Translated texts and the principles of translation that guide them were not on the table following previous councils, of course. This fact is important to recall when asking how the change in style and tone at Vatican II described by O’Malley might be re-envisioned in order to determine a style suited to the distinct textual genres under discussion here. If the conciliar rhetoric has undergone at Vatican II the transformation in style from judicial/legislative to epideictic/panegyric, how might we transpose these terms into the key of liturgical translation? I propose the term circumscription/defensiveness as a useful analogy to the judicial/legislative kind of rhetoric by which previous councils’ documents can be characterized, and as a summative term for the pre-conciliar maintenance of Latin as the liturgical language.

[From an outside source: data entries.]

lemma eqmeas_spec:
  assumes G: "is_graph n w" and S: "S \<subseteq> Vset n" and j0: "j0 \<in> Vset n - S"
  shows "onV n (eqmeas r n w S)" "\<And>i. i \<in> S \<Longrightarrow> lap r n w (eqmeas r n w S) i = 1"
    "\<And>i. i \<in> Vset n - S \<Longrightarrow> eqmeas r n w S i = 0"
proof -
  obtain \<nu> where \<nu>: "onV n \<nu> \<and> (\<forall>i\<in>S. lap r n w \<nu> i = 1) \<and> (\<forall>i\<in>Vset n - S. \<nu> i = 0)"
    using eqmeas_exists[OF G S j0] by blast
  have "eqmeas r n w S = \<nu>"
    unfolding eqmeas_def
  proof (rule the_equality)
    fix \<mu> assume \<mu>: "onV n \<mu> \<and> (\<forall>i\<in>S. lap r n w \<mu> i = 1) \<and> (\<forall>i\<in>Vset n - S. \<mu> i = 0)"
    have "\<mu> i - \<nu> i = 0" if "i \<in> Vset n" for i
      by (rule dirichlet_harmonic_zero[OF G j0, of r "\<lambda>k. \<mu> k - \<nu> k"])
        (use \<mu> \<nu> that in \<open>auto simp: lap_diff\<close>)
    with \<mu> \<nu> show "\<mu> = \<nu>" unfolding onV_def by fastforce
  qed (rule \<nu>)
  with \<nu> show "onV n (eqmeas r n w S)" "\<And>i. i \<in> S \<Longrightarrow> lap r n w (eqmeas r n w S) i = 1"
    "\<And>i. i \<in> Vset n - S \<Longrightarrow> eqmeas r n w S i = 0" by auto
qed

lemma lap_fj:
  assumes G: "is_graph n w" and j: "j \<in> Vset n" and i: "i \<in> Vset n"
  shows "lap r n w (fj r n w j) i = (if i = j then 1 - vol r n w / deg n w j powr r else 1)"
proof -
  define \<nu> where "\<nu> = eqmeas r n w (Vset n - {j})"
  have \<nu>: "\<And>i. i \<in> Vset n - {j} \<Longrightarrow> lap r n w \<nu> i = 1"
    unfolding \<nu>_def by (rule eqmeas_spec(2)[OF G, of _ j]) (use j in auto)
  have "fj r n w j = (\<lambda>k. \<nu> k - avg r n w \<nu> k)"
    by (simp add: fj_def \<nu>_def fun_eq_iff)
  then have lap_\<nu>: "lap r n w (fj r n w j) k = lap r n w \<nu> k" for k
    by (simp add: lap_diff lap_avg[OF G])
  have "0 = mass r n w (lap r n w \<nu>)" using mass_lap[OF G] by simp
  also have "\<dots> = deg n w j powr r * lap r n w \<nu> j + (vol r n w - deg n w j powr r)"
    using j \<nu> by (simp add: mass_def vol_def sum.remove)
  finally have "lap r n w \<nu> j = 1 - vol r n w / deg n w j powr r"
    using deg_pos[OF G j] by (simp add: field_simps)
  with \<nu> i show ?thesis unfolding lap_\<nu> by auto
qed

lemma mass_fj:
  assumes G: "is_graph n w"
  shows "mass r n w (fj r n w j) = 0"
  using mass_minus_avg[OF G] unfolding fj_def by simp

lemma fj_outside_Vset:
  assumes G: "is_graph n w" and j: "j \<in> Vset n" and i: "i \<notin> Vset n"
  shows "fj r n w j i = 0"
  using eqmeas_spec(1)[OF G, of "Vset n - {j}" j r] j i unfolding fj_def onV_def avg_def by auto

lemma phi_eqI:
  assumes G: "is_graph n w" and p: "onV n p" "\<And>i. i \<in> Vset n \<Longrightarrow> lap r n w p i = u i - avg r n w u i"
    "mass r n w p = 0"
  shows "phi r n w u = p"
  unfolding phi_def
proof (rule the_equality)
  fix q assume q: "onV n q \<and> (\<forall>i\<in>Vset n. lap r n w q i = u i - avg r n w u i) \<and> mass r n w q = 0"
  have "q i - p i = 0" if "i \<in> Vset n" for i
    by (rule harmonic_mass_zero_imp_zero[OF G, of r "\<lambda>k. q k - p k"])
      (use q p that in \<open>auto simp: lap_diff mass_diff\<close>)
  with p q show "q = p" unfolding onV_def by fastforce
qed (use p in auto)
(* Let $A, C, D$ be binary random variables, with $A$ taking values $a,\overline{a}$, $C$ taking values $c,\overline{c}$, $D$ taking values $d,\overline{d}$, and let $Y$ be a real random variable with finite expectation. Suppose the joint distribution factorizes as \[ p(A,C,D,Y)=p(D)\,p(C\mid D)\,p(A\mid C)\,p(Y\mid A,C) \] (i.e. $D$ causes $C$, $C$ is a common cause of $A$ and $Y$, and $A$ causes $Y$). Assume that $C$ and $D$ are dependent, and that every event $\{A=x, C=y, D=z\}$ has positive probability. If $E[Y\mid A,D]$ is monotone in $D$, then $E[Y\mid A,C]$ is monotone in $C$.
   Context: $E[Y\mid A,D]$ is called nondecreasing in $D$ if $E[Y\mid a,d]\ge E[Y\mid a,\overline{d}]$ and $E[Y\mid \overline{a},d]\ge E[Y\mid \overline{a},\overline{d}]$; nonincreasing in $D$ if both inequalities are reversed; monotone in $D$ if it is nondecreasing or nonincreasing. The same definitions apply with $C$ in place of $D$. *)

theory Defs
  imports "HOL-Probability.Probability"
begin

definition ev :: "'w measure \<Rightarrow> ('w \<Rightarrow> bool) \<Rightarrow> 'w set" where
  "ev M P = {w \<in> space M. P w}"

definition cexp :: "'w measure \<Rightarrow> ('w \<Rightarrow> real) \<Rightarrow> ('w \<Rightarrow> bool) \<Rightarrow> real" where
  "cexp M Y P = (\<integral>w. indicator (ev M P) w * Y w \<partial>M) / measure M (ev M P)"

text \<open>For f x z = E[Y | A = x, Z = z], with True encoding a (resp. d), False encoding
  a-bar (resp. d-bar): monotonicity in the second argument, as in the paper.\<close>
definition nondecr_in2 :: "(bool \<Rightarrow> bool \<Rightarrow> real) \<Rightarrow> bool" where
  "nondecr_in2 f \<longleftrightarrow> f True True \<ge> f True False \<and> f False True \<ge> f False False"

definition nonincr_in2 :: "(bool \<Rightarrow> bool \<Rightarrow> real) \<Rightarrow> bool" where
  "nonincr_in2 f \<longleftrightarrow> f True True \<le> f True False \<and> f False True \<le> f False False"

definition monotone_in2 :: "(bool \<Rightarrow> bool \<Rightarrow> real) \<Rightarrow> bool" where
  "monotone_in2 f \<longleftrightarrow> nondecr_in2 f \<or> nonincr_in2 f"

end

theory Submission
  imports Defs
begin
(* Let $f_1,\dots,f_n:\mathbb{R}^d\to\mathbb{R}$ be convex and differentiable, each with $L$-Lipschitz gradient, with $f=\frac1n\sum_i f_i$ $\lambda$-strongly convex with minimizer $x^*$. Assume the sparsity structure and the asynchronous SVRG model described in the context, with staleness bound $\tau$ and sparsity constant $\Delta$. Suppose the step size $\eta>0$ and epoch size $m$ satisfy $2L^2\Delta\eta^2\tau^2<1$ and $$0<\theta_s:=\frac{\frac{1}{\lambda\eta m}+4L\,\frac{\eta+L\Delta\tau^2\eta^2}{1-2L^2\Delta\eta^2\tau^2}}{1-4L\,\frac{\eta+L\Delta\tau^2\eta^2}{1-2L^2\Delta\eta^2\tau^2}}<1,$$ with positive denominator. If the epoch-end selection probabilities are $p_j=1/m$ for all $j\in[m]$, then for every $k\ge0$, $$\mathbb{E}\big[f(\tilde x^{k+1})-f(x^* )\big]\le\theta_s\,\mathbb{E}\big[f(\tilde x^{k})-f(x^* )\big].$$
   Context: Sparsity: each $f_i$ depends only on the coordinates of $x$ indexed by a set $e_i\subseteq[d]$. Write $\|x\|_i^2=\sum_{j\in e_i}x_j^2$, and let $\Delta$ be the smallest constant such that $\frac1n\sum_{i=1}^n\|x\|_i^2\le\Delta\|x\|^2$ for all $x\in\mathbb{R}^d$. Asynchronous SVRG model (consistent reads, bounded staleness, synchronization once per epoch): start from $x^0$, $\tilde x^0=x^0$. Epoch $k+1$ consists of global steps $t=km,\dots,km+m-1$, with $x^{km}=\tilde x^k$. At step $t$, an index $i_t$ is drawn uniformly from $[n]$, independently of all previous indices and iterates, and $$x^{t+1}=x^t+\eta u^t,\qquad u^t=-\big[\nabla f_{i_t}(x^{D(t)})-\nabla f_{i_t}(\tilde x^k)+\nabla f(\tilde x^k)\big],$$ where $D(t)$ is an integer (not depending on $i_t$) with $km\le D(t)\le t$ and $t-D(t)\le\tau$, for a fixed nonnegative integer $\tau$; i.e. the gradient is evaluated at a possibly stale earlier iterate, at most $\tau$ steps old and not older than the start of the current epoch. At the end of epoch $k+1$, $\tilde x^{k+1}$ is chosen at random from $\{x^{km},\dots,x^{km+m-1}\}$, selecting $x^{km+j-1}$ with probability $p_j$, and $x^{(k+1)m}:=\tilde x^{k+1}$. Expectations are over all random indices and selections. *)

theory Defs
  imports "HOL-Analysis.Analysis" "HOL-Probability.Probability"
begin

definition strongly_convex_on :: "'a::real_normed_vector set \<Rightarrow> ('a \<Rightarrow> real) \<Rightarrow> real \<Rightarrow> bool" where
  "strongly_convex_on S g lam \<longleftrightarrow> convex S \<and>
     (\<forall>x\<in>S. \<forall>y\<in>S. \<forall>t::real. 0 \<le> t \<and> t \<le> 1 \<longrightarrow>
        g (t *\<^sub>R x + (1 - t) *\<^sub>R y) \<le> t * g x + (1 - t) * g y - lam / 2 * t * (1 - t) * (norm (x - y))\<^sup>2)"
(* Let $C_{\vec B}$ be a Cantor set with CDF $F_{\vec B}$. For every irrational $x\in[0,1]$, $x\in C_{\vec B}$ if and only if $F_{\vec B}(x)$ is irrational.
   Context: A Cantor set is specified by a binary digit vector $\vec B=(b_0,\dots,b_{N-1})\in\{0,1\}^N$ with $N\ge3$ and $2\le\|\vec B\|:=\sum_i b_i\le N-1$; its digit set is $D=\{i:b_i=1\}$. With $\phi_d(x)=(x+d)/N$ for $d\in D$, $C_{\vec B}\subset[0,1]$ is the unique nonempty compact set with $C_{\vec B}=\bigcup_{d\in D}\phi_d(C_{\vec B})$, and $\mu_{\vec B}$ is the unique Borel probability measure with $\mu_{\vec B}=\frac{1}{\|\vec B\|}\sum_{d\in D}\mu_{\vec B}\circ\phi_d^{-1}$. The CDF is $F_{\vec B}(x)=\mu_{\vec B}([0,x])$, $x\in[0,1]$. *)

theory Defs
  imports "HOL-Probability.Probability"
begin

definition cantor_vec :: "nat list \<Rightarrow> bool" where
  "cantor_vec B \<longleftrightarrow> length B \<ge> 3 \<and> set B \<subseteq> {0,1} \<and> 2 \<le> sum_list B \<and> sum_list B \<le> length B - 1"

definition digits :: "nat list \<Rightarrow> nat set" where
  "digits B = {i. i < length B \<and> B ! i = 1}"

definition cphi :: "nat list \<Rightarrow> nat \<Rightarrow> real \<Rightarrow> real" where
  "cphi B d x = (x + real d) / real (length B)"

definition cantor_set :: "nat list \<Rightarrow> real set" where
  "cantor_set B = (THE C. C \<noteq> {} \<and> compact C \<and> C = (\<Union>d\<in>digits B. cphi B d ` C))"

definition cantor_measure :: "nat list \<Rightarrow> real measure" where
  "cantor_measure B = (THE \<mu>. prob_space \<mu> \<and> sets \<mu> = sets borel \<and>
      (\<forall>A\<in>sets borel. measure \<mu> A =
          (\<Sum>d\<in>digits B. measure \<mu> (cphi B d -` A)) / real (sum_list B)))"

definition cantor_cdf :: "nat list \<Rightarrow> real \<Rightarrow> real" where
  "cantor_cdf B x = measure (cantor_measure B) {0..x}"

end

theory Submission
  imports Defs
begin

(* Expand the points of [0,1) in base N = length B, with first digit a = floor (N y) and shift
   sigma y = N y - a. Read on distribution functions, self-similarity of mu_B becomes

     ||B|| F(y) = r(a) + (if a : D then F(sigma y) else 0),

   where r(a) is the number of digits of D below a. If some digit of x lies outside D, finitely
   many applications of this equation show that F(x) is rational. If all digits of x lie in D,
   which characterises the points of C_B, then v_k = F(sigma^k x) lies strictly between 0 and 1
   and ||B|| v_k = r(a_k) + v_(k+1): the v_k form the orbit of F(x) under v -> frac(||B|| v).
   For rational F(x) this orbit is finite, so the digits of x, and hence x itself, would be
   eventually periodic and x rational.

   F is constructed as the fixed point of a contraction on distribution functions, which also
   pins down the measure mu_B; C_B is the intersection of the level sets of the iterated
   function system. *)

section \<open>Expansions in base b\<close>

lemma rational_orbit_not_inj:
  fixes v :: "nat \<Rightarrow> real" and a :: "nat \<Rightarrow> int" and m :: nat
  assumes unit: "\<And>k. 0 \<le> v k \<and> v k \<le> 1"
    and step: "\<And>k. m * v k = a k + v (Suc k)" and "v 0 \<in> \<rat>"
  shows "\<not> inj v"
proof -
  obtain p q where "q > 0" and v0: "v 0 = of_int p / of_int q"
    using Rats_cases'[OF \<open>v 0 \<in> \<rat>\<close>] by blast
  have "\<exists>z::int. q * v k = z" for k
  proof (induction k)
    case 0
    show ?case using \<open>q > 0\<close> v0 by (intro exI[of _ p]) simp
  next
    case (Suc k)
    then obtain z where "q * v k = of_int z" by blast
    have "q * v (Suc k) = m * (q * v k) - q * a k"
      using step[of k] by (simp add: algebra_simps)
    then have "q * v (Suc k) = of_int (m * z - q * a k)"
      using \<open>q * v k = of_int z\<close> by simp
    then show ?case by blast
  qed
  then have scaled: "of_int \<lfloor>q * v k\<rfloor> = q * v k" for k
    by (metis floor_of_int)
  \<comment> \<open>pigeonhole: the numerators lie in \<open>{0..q}\<close>\<close>
  have "\<lfloor>q * v k\<rfloor> \<in> {0..q}" for k
  proof -
    have "0 \<le> q * v k" "q * v k \<le> q * 1"
      using unit[of k] \<open>q > 0\<close> by simp_all
    then show ?thesis by simp linarith
  qed
  then have "range (\<lambda>k. \<lfloor>q * v k\<rfloor>) \<subseteq> {0..q}" by auto
  then have "finite (range (\<lambda>k. \<lfloor>q * v k\<rfloor>))" by (rule finite_subset) simp
  then have "\<not> inj (\<lambda>k. \<lfloor>q * v k\<rfloor>)" using finite_imageD by auto
  moreover have "inj (\<lambda>k. \<lfloor>q * v k\<rfloor>)" if "inj v"
  proof (rule injI)
    fix k l assume "\<lfloor>q * v k\<rfloor> = \<lfloor>q * v l\<rfloor>"
    then have "q * v k = q * v l" using scaled by metis
    then show "k = l" using \<open>q > 0\<close> injD[OF that] by simp
  qed
  ultimately show ?thesis by blast
qed

lemma eventually_periodic_if_rational:
  fixes v :: "nat \<Rightarrow> real" and a :: "nat \<Rightarrow> int" and m :: nat
  assumes unit: "\<And>k. 0 < v k \<and> v k < 1"
    and step: "\<And>k. m * v k = a k + v (Suc k)" and "v 0 \<in> \<rat>"
  shows "\<exists>i j. i < j \<and> (\<forall>t. a (i + t) = a (j + t))"
proof -
  have a_floor: "a k = \<lfloor>m * v k\<rfloor>" for k
    using step[of k] unit[of "Suc k"] by (intro floor_unique[symmetric]) auto
  have "\<not> inj v"
    using unit step \<open>v 0 \<in> \<rat>\<close> by (intro rational_orbit_not_inj[where a = a]) (auto simp: less_imp_le)
  then obtain i j where "i \<noteq> j" "v i = v j"
    unfolding inj_def by blast
  have "v (i + t) = v (j + t)" for t
  proof (induction t)
    case (Suc t)
    have "v (Suc (i + t)) = m * v (i + t) - \<lfloor>m * v (i + t)\<rfloor>"
      using step[of "i + t"] a_floor[of "i + t"] by simp
    also have "\<dots> = v (Suc (j + t))"
      using step[of "j + t"] a_floor[of "j + t"] Suc by simp
    finally show ?case by simp
  qed (simp add: \<open>v i = v j\<close>)
  then have "a (i + t) = a (j + t)" for t using a_floor by simp
  then show ?thesis using \<open>i \<noteq> j\<close> by (metis linorder_neqE_nat)
qed

lemma expansion_step_at_endpoint:
  fixes c v w r :: real
  assumes "c * v = r + w" "0 \<le> r" "r \<le> c - 1" "0 \<le> w" "w \<le> 1" "v \<in> {0, 1}"
  shows "w = v \<and> r = (c - 1) * v"
  using assms by auto

definition adic_shift :: "nat \<Rightarrow> real \<Rightarrow> real" where
  "adic_shift b y = real b * y - \<lfloor>real b * y\<rfloor>"

definition adic_digit :: "nat \<Rightarrow> real \<Rightarrow> nat" where
  "adic_digit b y = nat \<lfloor>real b * y\<rfloor>"

definition adic_orbit :: "nat \<Rightarrow> real \<Rightarrow> nat \<Rightarrow> real" where
  "adic_orbit b y k = (adic_shift b ^^ k) y"

lemma adic_orbit_0 [simp]: "adic_orbit b y 0 = y"
  by (simp add: adic_orbit_def)

lemma adic_orbit_Suc [simp]: "adic_orbit b y (Suc k) = adic_shift b (adic_orbit b y k)"
  by (simp add: adic_orbit_def)

lemma adic_orbit_add: "adic_orbit b y (i + k) = adic_orbit b (adic_orbit b y i) k"
  by (simp add: adic_orbit_def add.commute[of i k] funpow_add)

lemma adic_orbit_shift: "adic_orbit b (adic_shift b y) k = adic_orbit b y (Suc k)"
  using adic_orbit_add[of b y 1 k] by simp

lemma adic_shift_range: "0 \<le> adic_shift b y \<and> adic_shift b y < 1"
  unfolding adic_shift_def by linarith

lemma adic_digit_bounds:
  fixes y :: real
  assumes "0 \<le> y"
  shows "real (adic_digit b y) \<le> real b * y" "real b * y < real (adic_digit b y) + 1"
  using assms floor_correct[of "real b * y"] by (simp_all add: adic_digit_def)

lemma adic_shift_eq: "0 \<le> y \<Longrightarrow> adic_shift b y = real b * y - real (adic_digit b y)"
  by (simp add: adic_shift_def adic_digit_def)

lemma adic_orbit_range:
  "y \<in> {0..<1} \<Longrightarrow> adic_orbit b y k \<in> {0..<1}"
  by (cases k) (simp_all add: adic_shift_range)

lemma adic_orbit_minus_int: "\<exists>z::int. adic_orbit b y k = real b ^ k * y - z"
proof (induction k)
  case 0
  show ?case by simp
next
  case (Suc k)
  then obtain z where z: "adic_orbit b y k = real b ^ k * y - of_int z" by blast
  have "adic_orbit b y (Suc k) = real b * adic_orbit b y k - \<lfloor>real b * adic_orbit b y k\<rfloor>"
    by (simp add: adic_shift_def)
  also have "\<dots> = real b ^ Suc k * y - of_int (int b * z + \<lfloor>real b * adic_orbit b y k\<rfloor>)"
    by (subst (1) z) (simp add: algebra_simps)
  finally show ?case by blast
qed

lemma adic_orbit_irrational:
  assumes "0 < b" "y \<notin> \<rat>"
  shows "adic_orbit b y k \<notin> \<rat>"
proof
  assume "adic_orbit b y k \<in> \<rat>"
  obtain z where "adic_orbit b y k = real b ^ k * y - of_int z"
    using adic_orbit_minus_int by blast
  then have "y = (adic_orbit b y k + z) / real b ^ k" using \<open>0 < b\<close> by simp
  also have "\<dots> \<in> \<rat>" using \<open>adic_orbit b y k \<in> \<rat>\<close> by simp
  finally show False using \<open>y \<notin> \<rat>\<close> by simp
qed

lemma adic_periodic_rational:
  assumes "2 \<le> b" "0 < p" "adic_orbit b y p = y"
  shows "y \<in> \<rat>"
proof -
  obtain z where "adic_orbit b y p = real b ^ p * y - of_int z"
    using adic_orbit_minus_int by blast
  moreover have "1 < real b ^ p" using assms by (intro one_less_power) auto
  ultimately have "y = z / (real b ^ p - 1)" using assms(3) by (simp add: field_simps)
  then show ?thesis by simp
qed

lemma adic_orbit_diff:
  fixes y z :: real
  assumes "0 \<le> y" "0 \<le> z"
    and "\<And>k. k < t \<Longrightarrow> adic_digit b (adic_orbit b y k) = adic_digit b (adic_orbit b z k)"
  shows "adic_orbit b y t - adic_orbit b z t = real b ^ t * (y - z)"
  using assms(3)
proof (induction t)
  case (Suc t)
  have "0 \<le> adic_orbit b y t" "0 \<le> adic_orbit b z t"
    using assms(1,2) adic_shift_range by (cases t; simp)+
  then have "adic_orbit b y (Suc t) - adic_orbit b z (Suc t) =
      real b * (adic_orbit b y t - adic_orbit b z t)"
    using Suc.prems[of t] by (simp add: adic_shift_eq algebra_simps)
  also have "\<dots> = real b ^ Suc t * (y - z)"
    using Suc by simp
  finally show ?case .
qed simp

lemma adic_digits_inj:
  assumes "2 \<le> b" "y \<in> {0..<1}" "z \<in> {0..<1}"
    and same: "\<And>k. adic_digit b (adic_orbit b y k) = adic_digit b (adic_orbit b z k)"
  shows "y = z"
proof -
  have "real b ^ t * \<bar>y - z\<bar> \<le> 1" for t
  proof -
    have "\<bar>adic_orbit b y t - adic_orbit b z t\<bar> \<le> 1"
      using adic_orbit_range[of y b t] adic_orbit_range[of z b t] assms(2,3) by auto
    then show ?thesis using adic_orbit_diff[of y z t b] same assms(2,3) by (simp add: abs_mult)
  qed
  then have "\<bar>y - z\<bar> \<le> (1 / real b) ^ t" for t
    using assms(1) by (simp add: power_one_over field_simps)
  then have "\<bar>y - z\<bar> \<le> 0"
    using assms(1) by (intro LIMSEQ_le_const[OF LIMSEQ_power_zero[of "1 / real b"]]) auto
  then show ?thesis by simp
qed

lemma adic_digits_not_eventually_periodic:
  assumes "2 \<le> b" "x \<in> {0..<1}" "x \<notin> \<rat>" "i < j"
  shows "\<exists>t. adic_digit b (adic_orbit b x (i + t)) \<noteq> adic_digit b (adic_orbit b x (j + t))"
proof (rule ccontr)
  assume "\<nexists>t. adic_digit b (adic_orbit b x (i + t)) \<noteq> adic_digit b (adic_orbit b x (j + t))"
  then have same: "adic_digit b (adic_orbit b (adic_orbit b x i) t) =
      adic_digit b (adic_orbit b (adic_orbit b x j) t)" for t
    by (simp add: adic_orbit_add[symmetric])
  have "adic_orbit b x i = adic_orbit b x j"
    using assms(1,2) same adic_orbit_range by (intro adic_digits_inj[where b = b]) auto
  moreover have "adic_orbit b (adic_orbit b x i) (j - i) = adic_orbit b x j"
    using adic_orbit_add[of b x i "j - i"] \<open>i < j\<close> by simp
  ultimately have "adic_orbit b (adic_orbit b x i) (j - i) = adic_orbit b x i"
    by simp
  then have "adic_orbit b x i \<in> \<rat>"
    using assms(1,4) by (intro adic_periodic_rational) auto
  then show False using assms(1,3) adic_orbit_irrational by simp
qed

Let us use the contrasting term hospitality to denote the Second Vatican Council’s willingness to open the Catholic Church’s doors to liturgy in the vernacular. 12 Indeed, “hospitality” is a somewhat summative word implied in O’Malley’s own conciliar vocabulary list of such “equality-words” and “reciprocity-words” like friendship, collaboration, partnership, dialogue, pilgrim, servant, dignity, collegiality, inclusion, trust, engagement, invitation, appreciation, and even mystery. “Liberty, equality, and fraternity,” writes O’Malley, “as well as other formerly unwelcome guests knocked at the door and gained entrance to the feast.” 13
Principles and Procedures of Liturgical Translation and the Rhetoric of the Instructions
A number of authors have commented upon the content of the two instructions under consideration: Comme le prévoit’s “dynamic equivalence” approach, concerned with the overall meaning-effects of a translation of texts from one language to another, and Liturgiam Authenticam’s “formal correspondence” approach, wherein a literal, one-to-one correlation between the words of the original language and those of the target language is the goal of the translation. 14 Since our focus here is on the extent to which each expresses a style of hospitality consonant with the style of Vatican II, we first briefly overview their instructional content—the principles and procedures of translation—then also comment on the documents’ respective rhetorical styles, beginning with Comme le prévoit.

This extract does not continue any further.